Lawyers in Pakistan begin four-day march to capital

Lawyers shout slogans Thursday in Karachi on the eve of a march to Islamabad.
Hundreds of lawyers and their supporters boarded buses in Karachi that will carry them to the capital, Islamabad, where they will demand that the government immediately restore judges that the previous president ousted.

The group, numbering from 300 to 500, will join thousands of other demonstrators who are also headed to the capital as part of a four-day “Long March.” The demonstrators plan a massive sit-in at the parliament building on Monday. “Our movement is a peaceful movement,” said organizer Rasheed Razvi, president of the Sindh High Court Bar Association. “When we protested the last time, there were hundreds of thousands of people and not one grass was broken, not one leaf was broken.” A heavy police presence blocked roads in Karachi to minimize disruptions to daily life, but otherwise stayed out of the demonstrators’ way.

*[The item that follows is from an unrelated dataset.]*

(* Let $G_1$ ($n\times k$) and $G_0$ ($n\times l$) be fixed binary matrices with $\widetilde G=[G_1\ G_0]$ of full column rank, let $\mathbf m\in\{0,1\}^k$ be fixed, and let $t_1=\lfloor (d_1-1)/2\rfloor$. On the binary defect and symmetric channel with two-step encoding and any decoder satisfying the bounded-distance property described in the context, $$P(\widehat{\mathbf m}\neq\mathbf m)\le\sum_{u=d_0}^{n}\left\{\binom nu\beta^u(1-\beta)^{n-u}\min\left\{\frac{\sum_{w=d_0}^{u}B_{0,w}\binom{n-w}{u-w}}{\binom nu},1\right\}\sum_{t=\max(0,\,t_1+d_0-u)}^{n}\binom nt p^t(1-p)^{n-t}\right\}+\sum_{t=t_1+1}^{n}\binom nt p^t(1-p)^{n-t}.$$
   Context: All arithmetic is over $\mathrm{GF}(2)$. $\mathcal C_0^{\perp}=\{\mathbf x\in\{0,1\}^n: G_0^T\mathbf x=\mathbf 0\}$; $B_{0,w}$ is its number of vectors of Hamming weight $w$ and $d_0$ its minimum nonzero weight. $d_1$ is the minimum Hamming weight of $G_1\mathbf m'+G_0\mathbf d'$ over all $\mathbf m'\neq\mathbf 0$, $\mathbf d'\in\{0,1\}^l$. Binary defect and symmetric channel (BDSC) with parameters $(\beta,p)$: each of the $n$ cells is independently defective with probability $\beta$; a defective cell is stuck at $0$ or $1$, each with probability $1/2$, independently; $\mathcal U$ is the set of defects, $U=|\mathcal U|$, $\mathbf s$ the stuck-at values. Writing codeword $\mathbf c$ stores $\mathbf c\circ\mathbf s$, where $(\mathbf c\circ\mathbf s)_i=s_i$ for $i\in\mathcal U$ and $c_i$ otherwise; the read vector is $\mathbf y=\mathbf c\circ\mathbf s+\mathbf z$, with $\mathbf z$ having i.i.d. $\mathrm{Bernoulli}(p)$ entries independent of the defects. For a matrix/vector, superscript $\mathcal A$ denotes the rows indexed by $\mathcal A$. Two-step encoding: let $\mathbf b^{\mathcal U}=(G_1\mathbf m)^{\mathcal U}+\mathbf s^{\mathcal U}$. Step 1: if $G_0^{\mathcal U}\mathbf d=\mathbf b^{\mathcal U}$ has a solution $\mathbf d$, use it ($E=1$). Otherwise ($E=0$; this requires $U\ge d_0$), Step 2: choose any $\mathcal U'\subseteq\mathcal U$ with $|\mathcal U'|=d_0-1$ and take $\mathbf d$ solving $G_0^{\mathcal U'}\mathbf d=\mathbf b^{\mathcal U'}$ (such a solution always exists since any $d_0-1$ rows of $G_0$ are linearly independent). The stored codeword is $\mathbf c=G_1\mathbf m+G_0\mathbf d$. Decoder: any map $\mathbf y\mapsto\widehat{\mathbf m}$ such that $\widehat{\mathbf m}=\mathbf m$ whenever $\mathbf y$ and $\mathbf c$ differ in at most $t_1$ positions (e.g. bounded-distance decoding of the code generated by $\widetilde G$). *)

theory Defs
  imports Complex_Main "HOL-Library.Z2"
begin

Authorities did not intend to make any arrests and were merely out in large numbers to keep traffic flowing, a police official said. The demonstrators began from the gates of the Sindh High Court, walking about five or six city blocks to a dozen buses that waited to ferry them to their next stop: the city of Hyderabad. “The rule of baton and bullets cannot last,” the protesters chanted.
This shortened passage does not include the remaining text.